This is a kind of reverse-orientalism


- Yazid

This is worrying me a bit, it reminds me of the beginnings of studying architecture, this European way of defining cities, its population size and what symptoms can you refer to in order to call the space 'a city'. For me, this approach is totally European. It doesn’t really matter if Ramallah is called a city or a village. It's just a human population living in a built-up fabric. Why should we always define things by a fixed caliber? I find this very tedious. I don't find the European case to be a good reference. Therefore Nasser, I have a real problem with your article. It's reference is a European way of looking at the space, it reminds me of the story by Raymond Williams about a guy who was living in a valley (determined to be rural) then he left to London where he became a big-shot intellectual and then returned to the valley. The way he looked at the valley on the return is the way you are looking at Ramallah. I think Ramallah is really different from this, Ramallah is not you or me, it's the people living there, and also not just about those who live there but those who go there, it's a popular way of looking at space.

- Nasser
Actually, there are many points to be made about Eurocentrism. But I have a problem with your absolute differentiation between a European model as the norm and then an Arab, Eastern one. I feel this is a kind of reverse-Orientalism - to interpret our cities as totally different from European ones, there is nothing in common. As if living in a village or a city doesn't matter. I find that problematic. The fact that the discipline was developed under a European cannon is true but it doesn't mean that there are no objectives, no universals, in that. I wasn't trying to slide into a Eurocentric kind of thing, actually the references that you talk about is exactly the kind of self-referencing that happens at an elite and maybe even at a popular level in Ramallah. The point I was trying to make is that people in Ramallah think that they have achieved a kind of metropolitan modernity, in a way this becomes a trade-off. It becomes a positive outcome of a negative situation: you're enclosed, you're confined but somehow you are isolated from the Islamic trends of the rest of Palestinian society. You're given room to urbanize in a metropolitan, secular, modern way. The point was to judge the argument along its own credentials as well. When claiming to be an urban modern metropolis this is what it means. Whether that's a positively good thing or bad is another issue, it doesn't mean it’s a model to be reached. Nor is it sufficient to say that this is just a European model. There are many Eastern cities that have this level of complexity and hold this level of multiplicity, so it's not such a clear-cut European-Oriental dichotomy.

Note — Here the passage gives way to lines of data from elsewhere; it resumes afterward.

definition phrag_next :: "'v set \<Rightarrow> 'p set \<Rightarrow> ('p \<Rightarrow> real) \<Rightarrow> ('v \<Rightarrow> 'p set) \<Rightarrow> 'p set \<Rightarrow> ('v \<Rightarrow> real) \<Rightarrow> real \<Rightarrow> 'p \<Rightarrow> bool" where
  "phrag_next N P cost A W b t p \<longleftrightarrow> phrag_candidate N P A W p \<and>
     (\<forall>q. phrag_candidate N P A W q \<longrightarrow> phrag_time N cost A b t p \<le> phrag_time N cost A b t q)"

inductive phrag_reach :: "'v set \<Rightarrow> 'p set \<Rightarrow> real \<Rightarrow> ('p \<Rightarrow> real) \<Rightarrow> ('v \<Rightarrow> 'p set) \<Rightarrow>
    'p set \<Rightarrow> ('v \<Rightarrow> real) \<Rightarrow> real \<Rightarrow> bool"
  for N P B cost A where
  init: "phrag_reach N P B cost A {} (\<lambda>_. 0) 0"
| step: "phrag_reach N P B cost A W b t \<Longrightarrow> phrag_next N P cost A W b t p \<Longrightarrow>
         total_cost cost (insert p W) \<le> B \<Longrightarrow>
         t' = phrag_time N cost A b t p \<Longrightarrow>
         phrag_reach N P B cost A (insert p W)
           (\<lambda>i. if p \<in> A i then 0 else b i + (t' - t)) t'"

text \<open>W is a possible output of sequential Phragmen (for some tie-breaking): a reachable state
  at which the next selected project would exceed the budget, or no project can ever be selected.\<close>
definition phragmen_outcome :: "'v set \<Rightarrow> 'p set \<Rightarrow> real \<Rightarrow> ('p \<Rightarrow> real) \<Rightarrow> ('v \<Rightarrow> 'p set) \<Rightarrow> 'p set \<Rightarrow> bool" where
  "phragmen_outcome N P B cost A W \<longleftrightarrow> (\<exists>b t. phrag_reach N P B cost A W b t \<and>
     ((\<exists>p. phrag_next N P cost A W b t p \<and> total_cost cost (insert p W) > B) \<or>
      (\<forall>q. \<not> phrag_candidate N P A W q)))"

end

theory Submission
  imports Defs
begin

(* Fix a T-cohesive group V of v voters and a project q \<in> T that Phragmen has not selected,
   of cost c.  As long as q is unselected, the voters of V hold at most c credits together, so
   the potential \<Sum>i\<in>V. (t - b i)^2 / s i + (b i)^2, with s i the number of selected projects
   approved by i, grows at rate at most 2 v min(t, c / v); selecting a project never increases
   it (Cauchy-Schwarz).  When the rule stops at time \<tau>, the n voters have earned more than B,
   so cohesiveness gives v \<tau> > cost T \<ge> c.  A tangent-line lower bound on the potential
   then forces \<Sum>i\<in>V. s i \<ge> v (v \<tau> - c) / (2 c), i.e. an average satisfaction of at least
   (v \<tau> / c - 1) / 2 \<ge> (cost T / max cost - 1) / 2. *)

section \<open>The potential bound\<close>

(* The antiderivative of 2 v min(t, c / v) vanishing at 0: the fastest the potential of v voters
   can grow while together they hold at most c credits. *)
definition potential_cap :: "real \<Rightarrow> real \<Rightarrow> real \<Rightarrow> real" where
  "potential_cap v c t = v * t\<^sup>2 - v * (max 0 (t - c / v))\<^sup>2"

(extracts from conversation N. 1/Oct. 2008)

Ramallah is the place of corruption!


- Nasser

We’re interested in how space and the production of space and it’s articulation with new power, different types of power – economic power, class power, political power – different kinds of power is producing a city or what appears to be a city but is underpinning a much larger political project that is sometimes opaque, sometimes not very clear.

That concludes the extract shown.